*Provided records*
(* For every integer $n\ge 2$, the Mutt polynomial \[ M(x)=\frac{(2n-1)T_{2n+1}(\sqrt{x})+(2n+1)T_{2n-1}(\sqrt{x})}{x\sqrt{x}} \] is a polynomial in $x$ of degree $n-1$ with leading coefficient $(2n-1)2^{2n}$, and \[ \operatorname{Disc}_x M(x)=\pm\,3\,(2n-1)^{n-3}(2n+1)^{n-2}\,n^{n-3}\,2^{2n^2-n-5}. \]
   Context: $T_m$ is the Chebyshev polynomial of the first kind, $T_m(\cos\theta)=\cos m\theta$. The discriminant of a polynomial of degree $d$ with leading coefficient $\gamma$ and roots $r_1,\dots,r_d$ is $\gamma^{2d-2}\prod_{i<j}(r_i-r_j)^2$ (equal to $1$ when $d=1$). *)

theory Defs
  imports "HOL-Analysis.Analysis" "HOL-Computational_Algebra.Polynomial"
begin

definition cheb :: "nat \<Rightarrow> real poly" where
  "cheb m = (THE p. \<forall>t::real. poly p (cos t) = cos (real m * t))"

text \<open>Discriminant of a polynomial of degree d with leading coefficient g and
  roots r_1..r_d (with multiplicity):  g^(2d-2) * prod_{i<j} (r_i - r_j)^2.
  The roots are taken as any list rs with p = g * prod (X - r) (over the complex
  numbers such a list exists; the expression is symmetric in the roots).\<close>
definition disc :: "complex poly \<Rightarrow> complex" where
  "disc p = (let d = degree p;
                 rs = (SOME rs. length rs = d \<and>
                        p = smult (lead_coeff p) (prod_list (map (\<lambda>r. [:-r, 1:]) rs)))
             in lead_coeff p ^ (2 * d - 2) *
                (\<Prod>i<d. \<Prod>j\<in>{i<..<d}. (rs ! i - rs ! j)^2))"

end

(*
  Write S(x) = T_n(2x - 1), so that S(cos^2 t) = cos (2 n t).  Then M is characterised by
  x M(x) = (2/n) ((1 - x) S'(x) + 2 n^2 S(x)), and the Chebyshev differential equation
  2x(1-x) S'' + (1-2x) S' + 2n^2 S = 0 turns this into n x M' + (3n/2) M = (4n^2 - 1) S',
  while n^2 S^2 + x(1-x) S'^2 = n^2.

  Up to sign and a power of the leading coefficient, Disc M is the product of M'(r) over the
  roots r of M.  At these roots n r M'(r) = (4n^2 - 1) S'(r), and by the symmetry of the
  resultant the product of the S'(r) becomes the product of M(q) over the roots q of S', where
  q M(q) = 4n S(q) = +-4n.  The products of the roots r and q are read off from M(0) and S'(0),
  which are known explicitly.  Everything is done for the square of the discriminant.
*)

theory Submission
  imports Defs "HOL-Computational_Algebra.Fundamental_Theorem_Algebra"
begin

section \<open>Polynomials and their roots\<close>

lemma poly_eqI_infinite:
  fixes p q :: "'a::idom poly"
  assumes "infinite S" and "\<And>x. x \<in> S \<Longrightarrow> poly p x = poly q x"
  shows "p = q"
proof (rule ccontr)
  assume "p \<noteq> q"
  then have "finite {x. poly (p - q) x = 0}" by (intro poly_roots_finite) simp
  moreover have "S \<subseteq> {x. poly (p - q) x = 0}" using assms(2) by auto
  ultimately show False using assms(1) finite_subset by blast
qed

lemma real_poly_eqI_Ioo:
  fixes p q :: "real poly"
  assumes "\<And>x. 0 < x \<Longrightarrow> x < 1 \<Longrightarrow> poly p x = poly q x"
  shows "p = q"
  using assms by (intro poly_eqI_infinite[of "{0<..<1}"]) auto

lemma map_poly_of_real_add:
  "map_poly of_real (p + q) = (map_poly of_real p + map_poly of_real q :: 'a::real_field poly)"
  by (rule poly_eqI) (simp add: coeff_map_poly)

lemma map_poly_of_real_uminus:
  "map_poly of_real (- p) = (- map_poly of_real p :: 'a::real_field poly)"
  by (rule poly_eqI) (simp add: coeff_map_poly)

lemma map_poly_of_real_mult:
  "map_poly of_real (p * q) = (map_poly of_real p * map_poly of_real q :: 'a::real_field poly)"
  by (rule poly_eqI) (simp add: coeff_map_poly coeff_mult)

lemma map_poly_of_real_pderiv:
  "map_poly of_real (pderiv p) = (pderiv (map_poly of_real p) :: 'a::real_field poly)"
  by (rule poly_eqI) (simp add: coeff_map_poly coeff_pderiv)

lemmas map_poly_of_real_simps =
  map_poly_of_real_add map_poly_of_real_uminus map_poly_of_real_mult map_poly_of_real_pderiv
  map_poly_smult map_poly_pCons

lemma poly_map_poly_of_real:
  "poly (map_poly of_real p) (of_real x) = (of_real (poly p x) :: 'a::real_field)"
  by (induction p) (simp_all add: map_poly_pCons)

lemma degree_map_poly_of_real:
  "degree (map_poly (of_real :: real \<Rightarrow> 'a::real_field) p) = degree p"
  by (simp add: degree_map_poly)

lemma lead_coeff_map_poly_of_real:
  "lead_coeff (map_poly of_real p) = (of_real (lead_coeff p) :: 'a::real_field)"
  by (simp add: degree_map_poly_of_real coeff_map_poly)

lemma prod_off_diagonal:
  fixes f :: "nat \<Rightarrow> nat \<Rightarrow> 'a::comm_monoid_mult"
  shows "(\<Prod>i<d. \<Prod>j\<in>{..<d} - {i}. f i j) = (\<Prod>i<d. \<Prod>j\<in>{i<..<d}. f i j * f j i)"
proof -
  define A where "A = (SIGMA i:{..<d}. {i<..<d})"
  have "finite A" by (simp add: A_def)
  have "(\<Prod>i<d. \<Prod>j\<in>{..<d} - {i}. f i j) = (\<Prod>(i, j)\<in>(SIGMA i:{..<d}. {..<d} - {i}). f i j)"
    by (rule prod.Sigma) auto
  also have "(SIGMA i:{..<d}. {..<d} - {i}) = A \<union> prod.swap ` A"
    by (auto simp: A_def image_iff)
  also have "(\<Prod>(i, j)\<in>A \<union> prod.swap ` A. f i j) = (\<Prod>(i, j)\<in>A. f i j) * (\<Prod>(i, j)\<in>A. f j i)"
    using \<open>finite A\<close> by (subst prod.union_disjoint) (auto simp: A_def prod.reindex)
  also have "\<dots> = (\<Prod>i<d. \<Prod>j\<in>{i<..<d}. f i j * f j i)"
    unfolding A_def by (simp add: prod.Sigma[symmetric] prod.distrib)
  finally show ?thesis .
qed

lemma poly_prod_linear_root:
  fixes r :: "nat \<Rightarrow> 'a::idom"
  assumes "i < d"
  shows "poly (smult c (\<Prod>k<d. [:-r k, 1:])) (r i) = 0"
  using assms by (auto simp: poly_prod prod_zero_iff)

lemma poly_prod_linear_0:
  fixes r :: "nat \<Rightarrow> 'a::idom"
  shows "poly (smult c (\<Prod>k<d. [:-r k, 1:])) 0 = (-1) ^ d * c * (\<Prod>k<d. r k)"
  by (simp add: poly_prod prod_uminus)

*What you need to do*
All entries should be given again precisely as they appear above.

*Expected answer*
(* For every integer $n\ge 2$, the Mutt polynomial \[ M(x)=\frac{(2n-1)T_{2n+1}(\sqrt{x})+(2n+1)T_{2n-1}(\sqrt{x})}{x\sqrt{x}} \] is a polynomial in $x$ of degree $n-1$ with leading coefficient $(2n-1)2^{2n}$, and \[ \operatorname{Disc}_x M(x)=\pm\,3\,(2n-1)^{n-3}(2n+1)^{n-2}\,n^{n-3}\,2^{2n^2-n-5}. \]
   Context: $T_m$ is the Chebyshev polynomial of the first kind, $T_m(\cos\theta)=\cos m\theta$. The discriminant of a polynomial of degree $d$ with leading coefficient $\gamma$ and roots $r_1,\dots,r_d$ is $\gamma^{2d-2}\prod_{i<j}(r_i-r_j)^2$ (equal to $1$ when $d=1$). *)

theory Defs
  imports "HOL-Analysis.Analysis" "HOL-Computational_Algebra.Polynomial"
begin

definition cheb :: "nat \<Rightarrow> real poly" where
  "cheb m = (THE p. \<forall>t::real. poly p (cos t) = cos (real m * t))"

text \<open>Discriminant of a polynomial of degree d with leading coefficient g and
  roots r_1..r_d (with multiplicity):  g^(2d-2) * prod_{i<j} (r_i - r_j)^2.
  The roots are taken as any list rs with p = g * prod (X - r) (over the complex
  numbers such a list exists; the expression is symmetric in the roots).\<close>
definition disc :: "complex poly \<Rightarrow> complex" where
  "disc p = (let d = degree p;
                 rs = (SOME rs. length rs = d \<and>
                        p = smult (lead_coeff p) (prod_list (map (\<lambda>r. [:-r, 1:]) rs)))
             in lead_coeff p ^ (2 * d - 2) *
                (\<Prod>i<d. \<Prod>j\<in>{i<..<d}. (rs ! i - rs ! j)^2))"

end

(*
  Write S(x) = T_n(2x - 1), so that S(cos^2 t) = cos (2 n t).  Then M is characterised by
  x M(x) = (2/n) ((1 - x) S'(x) + 2 n^2 S(x)), and the Chebyshev differential equation
  2x(1-x) S'' + (1-2x) S' + 2n^2 S = 0 turns this into n x M' + (3n/2) M = (4n^2 - 1) S',
  while n^2 S^2 + x(1-x) S'^2 = n^2.

  Up to sign and a power of the leading coefficient, Disc M is the product of M'(r) over the
  roots r of M.  At these roots n r M'(r) = (4n^2 - 1) S'(r), and by the symmetry of the
  resultant the product of the S'(r) becomes the product of M(q) over the roots q of S', where
  q M(q) = 4n S(q) = +-4n.  The products of the roots r and q are read off from M(0) and S'(0),
  which are known explicitly.  Everything is done for the square of the discriminant.
*)

theory Submission
  imports Defs "HOL-Computational_Algebra.Fundamental_Theorem_Algebra"
begin

section \<open>Polynomials and their roots\<close>

lemma poly_eqI_infinite:
  fixes p q :: "'a::idom poly"
  assumes "infinite S" and "\<And>x. x \<in> S \<Longrightarrow> poly p x = poly q x"
  shows "p = q"
proof (rule ccontr)
  assume "p \<noteq> q"
  then have "finite {x. poly (p - q) x = 0}" by (intro poly_roots_finite) simp
  moreover have "S \<subseteq> {x. poly (p - q) x = 0}" using assms(2) by auto
  ultimately show False using assms(1) finite_subset by blast
qed

lemma real_poly_eqI_Ioo:
  fixes p q :: "real poly"
  assumes "\<And>x. 0 < x \<Longrightarrow> x < 1 \<Longrightarrow> poly p x = poly q x"
  shows "p = q"
  using assms by (intro poly_eqI_infinite[of "{0<..<1}"]) auto

lemma map_poly_of_real_add:
  "map_poly of_real (p + q) = (map_poly of_real p + map_poly of_real q :: 'a::real_field poly)"
  by (rule poly_eqI) (simp add: coeff_map_poly)

lemma map_poly_of_real_uminus:
  "map_poly of_real (- p) = (- map_poly of_real p :: 'a::real_field poly)"
  by (rule poly_eqI) (simp add: coeff_map_poly)

lemma map_poly_of_real_mult:
  "map_poly of_real (p * q) = (map_poly of_real p * map_poly of_real q :: 'a::real_field poly)"
  by (rule poly_eqI) (simp add: coeff_map_poly coeff_mult)

lemma map_poly_of_real_pderiv:
  "map_poly of_real (pderiv p) = (pderiv (map_poly of_real p) :: 'a::real_field poly)"
  by (rule poly_eqI) (simp add: coeff_map_poly coeff_pderiv)

lemmas map_poly_of_real_simps =
  map_poly_of_real_add map_poly_of_real_uminus map_poly_of_real_mult map_poly_of_real_pderiv
  map_poly_smult map_poly_pCons

lemma poly_map_poly_of_real:
  "poly (map_poly of_real p) (of_real x) = (of_real (poly p x) :: 'a::real_field)"
  by (induction p) (simp_all add: map_poly_pCons)

lemma degree_map_poly_of_real:
  "degree (map_poly (of_real :: real \<Rightarrow> 'a::real_field) p) = degree p"
  by (simp add: degree_map_poly)

lemma lead_coeff_map_poly_of_real:
  "lead_coeff (map_poly of_real p) = (of_real (lead_coeff p) :: 'a::real_field)"
  by (simp add: degree_map_poly_of_real coeff_map_poly)

lemma prod_off_diagonal:
  fixes f :: "nat \<Rightarrow> nat \<Rightarrow> 'a::comm_monoid_mult"
  shows "(\<Prod>i<d. \<Prod>j\<in>{..<d} - {i}. f i j) = (\<Prod>i<d. \<Prod>j\<in>{i<..<d}. f i j * f j i)"
proof -
  define A where "A = (SIGMA i:{..<d}. {i<..<d})"
  have "finite A" by (simp add: A_def)
  have "(\<Prod>i<d. \<Prod>j\<in>{..<d} - {i}. f i j) = (\<Prod>(i, j)\<in>(SIGMA i:{..<d}. {..<d} - {i}). f i j)"
    by (rule prod.Sigma) auto
  also have "(SIGMA i:{..<d}. {..<d} - {i}) = A \<union> prod.swap ` A"
    by (auto simp: A_def image_iff)
  also have "(\<Prod>(i, j)\<in>A \<union> prod.swap ` A. f i j) = (\<Prod>(i, j)\<in>A. f i j) * (\<Prod>(i, j)\<in>A. f j i)"
    using \<open>finite A\<close> by (subst prod.union_disjoint) (auto simp: A_def prod.reindex)
  also have "\<dots> = (\<Prod>i<d. \<Prod>j\<in>{i<..<d}. f i j * f j i)"
    unfolding A_def by (simp add: prod.Sigma[symmetric] prod.distrib)
  finally show ?thesis .
qed

lemma poly_prod_linear_root:
  fixes r :: "nat \<Rightarrow> 'a::idom"
  assumes "i < d"
  shows "poly (smult c (\<Prod>k<d. [:-r k, 1:])) (r i) = 0"
  using assms by (auto simp: poly_prod prod_zero_iff)

lemma poly_prod_linear_0:
  fixes r :: "nat \<Rightarrow> 'a::idom"
  shows "poly (smult c (\<Prod>k<d. [:-r k, 1:])) 0 = (-1) ^ d * c * (\<Prod>k<d. r k)"
  by (simp add: poly_prod prod_uminus)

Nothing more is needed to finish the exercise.